The Russians have their strengths. They have an unshakable belief in the superiority of Russia, of its right to control and dominate neighbors. More importantly, they have numbers—a large pool of infantry, however hapless, and a lot of North Korean artillery shells.
This documentary by Sean Langan (for the excellent German public broadcaster DW) is unnervingly honest in its peregrinations through the Russian side of the Ukraine conflict. Wandering the frontlines, dodging artillery, Langan finds Russians still mentally committed to the war. They say the conflict is holy, civilizational, and just. Russia has to defend itself. Russia has the right to run its neighbors’ affairs. Ukraine will be allowed to be independent—once it surrenders and agrees to be ruled by a Russian-picked president. What’s next, one Russian asks—Belarus expecting to run its own affairs? It is a frankly imperialist worldview.
What makes the documentary important is that these familiar, war-time slogans are spoken by ordinary Russians, not Kremlin hacks. A career soldier who admits he was at the Bucha massacre. An old lady on the street. A cynical fixer who knows his paycheck depends on the People’s Republic of Donbas. They say they want peace—after defeating the Ukrainians. They say Russia has the right to march on Kiev. It’s all NATOs fault for surrounding Russia.
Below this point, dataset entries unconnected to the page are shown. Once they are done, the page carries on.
text \<open>Call a vertex of a part a port if it has a neighbour outside its part. If every port
  is adjacent to all other vertices of its part and every part has a vertex that is not a
  port, then a set S dominates the whole graph iff each of its traces on the parts dominates
  that part: a port outside S sees the non-port part of the graph only through a vertex of its
  own part, and S must meet every part because the non-port vertex has to be dominated inside.
  Dominating sets therefore correspond bijectively to tuples of dominating sets of the parts,
  with additive sizes, and the domination polynomial factorises. In S(G_1,...,G_k) the ports of
  G_i are among the (universal) endpoints of e_i and e_(i+1), and n_i \<ge> 3 leaves a non-port.\<close>

lemma dominating_finite: "finite V \<Longrightarrow> finite {S. dominating V E S}"
  unfolding dominating_def by (rule finite_subset[of _ "Pow V"]) auto

lemma dom_poly_eq_sum_dominating:
  assumes "finite V" and "V \<noteq> {}"
  shows "dom_poly V E = (\<Sum>S | dominating V E S. [:0, 1:] ^ card S)"
proof -
  let ?D = "{S. dominating V E S}"
  have card_range: "card ` ?D \<subseteq> {0..card V}"
    using assms(1) by (auto simp: dominating_def intro: card_mono)
  have no_empty: "dom_count V E 0 = 0"
  proof -
    have "S \<noteq> {}" if "dominating V E S" for S
      using that assms(2) by (auto simp: dominating_def)
    moreover have "finite S" if "dominating V E S" for S
      using that assms(1) by (auto simp: dominating_def intro: finite_subset)
    ultimately have "{S. dominating V E S \<and> card S = 0} = {}" by (auto simp: card_eq_0_iff)
    then show ?thesis unfolding dom_count_def by (metis card.empty)
  qed
  have "(\<Sum>S\<in>?D. [:0, 1:] ^ card S)
      = (\<Sum>i = 0..card V. \<Sum>S | S \<in> ?D \<and> card S = i. [:0, 1:] ^ card S)"
    by (rule sum.group[OF dominating_finite[OF assms(1)] _ card_range, symmetric]) simp
  also have "\<dots> = (\<Sum>i = 0..card V. of_nat (dom_count V E i) * [:0, 1:] ^ i)"
    by (simp add: dom_count_def)
  also have "\<dots> = (\<Sum>i = 0..card V. monom (int (dom_count V E i)) i)"
    by (simp add: monom_altdef of_nat_poly)
  also have "\<dots> = dom_poly V E"
    by (simp add: dom_poly_def sum.atLeast_Suc_atMost no_empty)
  finally show ?thesis by simp
qed

lemma full_degree_adjacent:
  assumes "graph V E" and "v \<in> V" and "vdegree V E v = card V - 1"
    and "w \<in> V" and "w \<noteq> v"
  shows "{w, v} \<in> E"
proof -
  have "finite V" using assms(1) by (simp add: graph_def)
  have nbrs_sub: "{u \<in> V. {u, v} \<in> E} \<subseteq> V - {v}"
    using assms(1) by (auto simp: graph_def)
  have "card {u \<in> V. {u, v} \<in> E} = card (V - {v})"
    using assms(2,3) \<open>finite V\<close> by (simp add: vdegree_def)
  then have "{u \<in> V. {u, v} \<in> E} = V - {v}"
    using card_subset_eq[OF _ nbrs_sub] \<open>finite V\<close> by auto
  then show ?thesis using assms(4,5) by auto
qed

lemma dom_poly_complete_edges:
  assumes "finite V" and "V \<noteq> {}"
  shows "dom_poly V (complete_edges V) = [:1, 1:] ^ card V - 1"
proof -
  have dominating_sets: "{S. dominating V (complete_edges V) S} = Pow V - {{}}"
  proof (intro set_eqI iffI)
    fix S assume "S \<in> Pow V - {{}}"
    then obtain u where "u \<in> S" "S \<subseteq> V" by auto
    then show "S \<in> {S. dominating V (complete_edges V) S}"
      by (force simp: dominating_def complete_edges_def card_insert_if)
  qed (use assms(2) in \<open>auto simp: dominating_def\<close>)
  have "[:1, 1:] ^ card V = ([:0, 1:] + 1) ^ card V" by (simp add: one_pCons)
  also have "\<dots> = (\<Sum>S\<in>Pow V. [:0, 1:] ^ card S)"
    using prod_add[OF assms(1), of "\<lambda>_. [:0, 1:]" "\<lambda>_. 1"] by simp
  also have "\<dots> = 1 + (\<Sum>S\<in>Pow V - {{}}. [:0, 1:] ^ card S)"
    using assms(1) by (subst sum.remove[of _ "{}"]) auto
  finally show ?thesis
    using dom_poly_eq_sum_dominating[OF assms] dominating_sets by (metis add_diff_cancel_left')
qed

lemma sum_power_card_disjoint_Union:
  fixes x :: "'b :: comm_semiring_1"
  assumes "finite I" and "\<And>i. i \<in> I \<Longrightarrow> finite (V i)" and disj: "disjoint_family_on V I"
  shows "(\<Sum>S | S \<subseteq> (\<Union>i\<in>I. V i) \<and> (\<forall>i\<in>I. P i (S \<inter> V i)). x ^ card S)
       = (\<Prod>i\<in>I. \<Sum>T | T \<subseteq> V i \<and> P i T. x ^ card T)"
proof -
  define D where "D i = {T. T \<subseteq> V i \<and> P i T}" for i
  have trace: "(\<Union>j\<in>I. g j) \<inter> V i = g i" if "g \<in> PiE I D" "i \<in> I" for g i
    using that disjoint_family_onD[OF disj] by (fastforce simp: D_def)
  have "bij_betw (\<lambda>g. \<Union>i\<in>I. g i) (PiE I D)
      {S. S \<subseteq> (\<Union>i\<in>I. V i) \<and> (\<forall>i\<in>I. P i (S \<inter> V i))}"
  proof (rule bij_betw_byWitness[where f' = "\<lambda>S. restrict (\<lambda>i. S \<inter> V i) I"])
    show "\<forall>g\<in>PiE I D. restrict (\<lambda>i. (\<Union>j\<in>I. g j) \<inter> V i) I = g"
    proof
      fix g assume g: "g \<in> PiE I D"
      then have "restrict (\<lambda>i. (\<Union>j\<in>I. g j) \<inter> V i) I = restrict g I"
        using trace by (intro restrict_ext) simp
      then show "restrict (\<lambda>i. (\<Union>j\<in>I. g j) \<inter> V i) I = g"
        using g by (simp add: PiE_restrict)
    qed
    show "(\<lambda>g. \<Union>i\<in>I. g i) ` PiE I D \<subseteq> {S. S \<subseteq> (\<Union>i\<in>I. V i) \<and> (\<forall>i\<in>I. P i (S \<inter> V i))}"
    proof safe
      fix g i assume "g \<in> PiE I D" "i \<in> I"
      then have "g i \<in> D i" by (rule PiE_mem)
      then show "P i ((\<Union>j\<in>I. g j) \<inter> V i)"
        using trace \<open>g \<in> PiE I D\<close> \<open>i \<in> I\<close> by (simp add: D_def)
    qed (force simp: D_def dest: PiE_mem)
    show "(\<lambda>S. restrict (\<lambda>i. S \<inter> V i) I) ` {S. S \<subseteq> (\<Union>i\<in>I. V i) \<and> (\<forall>i\<in>I. P i (S \<inter> V i))}
        \<subseteq> PiE I D"
      by (auto simp: D_def)
  qed auto
  then have "(\<Sum>S | S \<subseteq> (\<Union>i\<in>I. V i) \<and> (\<forall>i\<in>I. P i (S \<inter> V i)). x ^ card S)
      = (\<Sum>g\<in>PiE I D. x ^ card (\<Union>i\<in>I. g i))"
    by (rule sum.reindex_bij_betw[symmetric])
  also have "\<dots> = (\<Sum>g\<in>PiE I D. \<Prod>i\<in>I. x ^ card (g i))"
  proof (rule sum.cong[OF refl])
    fix g assume g: "g \<in> PiE I D"
    have parts: "g i \<subseteq> V i" if "i \<in> I" for i
      using PiE_mem[OF g that] by (simp add: D_def)
    have "disjoint_family_on g I"
      using disj parts by (fastforce simp: disjoint_family_on_def)
    moreover have "finite (g i)" if "i \<in> I" for i
      using parts[OF that] assms(2)[OF that] by (rule finite_subset)
    ultimately show "x ^ card (\<Union>i\<in>I. g i) = (\<Prod>i\<in>I. x ^ card (g i))"
      by (simp add: card_UN_disjoint' assms(1) power_sum)
  qed
  also have "\<dots> = (\<Prod>i\<in>I. \<Sum>T\<in>D i. x ^ card T)"
  proof (rule prod_sum_PiE[OF assms(1), symmetric])
    show "finite (D i)" if "i \<in> I" for i
      using assms(2)[OF that] by (auto simp: D_def intro: finite_subset[of _ "Pow (V i)"])
  qed
  finally show ?thesis by (simp add: D_def)
qed

context
  fixes I :: "'i set" and V :: "'i \<Rightarrow> 'a set" and E :: "'i \<Rightarrow> 'a set set" and E' :: "'a set set"
  assumes graphs: "\<And>i. i \<in> I \<Longrightarrow> graph (V i) (E i)"
    and parts_disjoint: "disjoint_family_on V I"
    and part_edges: "\<And>i. i \<in> I \<Longrightarrow> E i \<subseteq> E'"
    and inner_edges: "\<And>i u v. i \<in> I \<Longrightarrow> u \<in> V i \<Longrightarrow> v \<in> V i \<Longrightarrow> {u, v} \<in> E' \<Longrightarrow> {u, v} \<in> E i"
    and ports_universal: "\<And>i u v w. i \<in> I \<Longrightarrow> v \<in> V i \<Longrightarrow> u \<notin> V i \<Longrightarrow> {u, v} \<in> E' \<Longrightarrow>
        w \<in> V i \<Longrightarrow> w \<noteq> v \<Longrightarrow> {w, v} \<in> E i"
    and non_port: "\<And>i. i \<in> I \<Longrightarrow> \<exists>w\<in>V i. \<forall>u. {u, w} \<in> E' \<longrightarrow> u \<in> V i"
begin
Not everyone agrees. Langan finds a young Russo-Ukrainian journalist who blames Putin, and more strikingly, a stout combat soldier who lashes into one propagandist, bellowing that Ukrainians do not want “us” here and the war should never have happened. A 19-year old survivor of a decimated regiment is obviously traumatized as he tries to justify the loss of his friends.
Langan holds his own commentary until the end, honestly acknowledging his fear of asking tougher questions while in the company of armed, nearly lawless militiamen and soldiers. These are the same men who must provide him with frontline access and protect him in the process. (Yikes! Landmines!) For better or worse, he waits until the end to say what he really thinks: that the immoral invasion is Putin’s fault and Russia’s shame. But his brave camerawork here proves that Russia’s appetite for war is far from exhausted.
BTW, I sat for an interview with Langan once, 20 years ago, when he was working on something about the chaos of Argentina. I remember the fun conversation in a Buenos Aires hotel, but I got cut from the final documentary. I forgive him.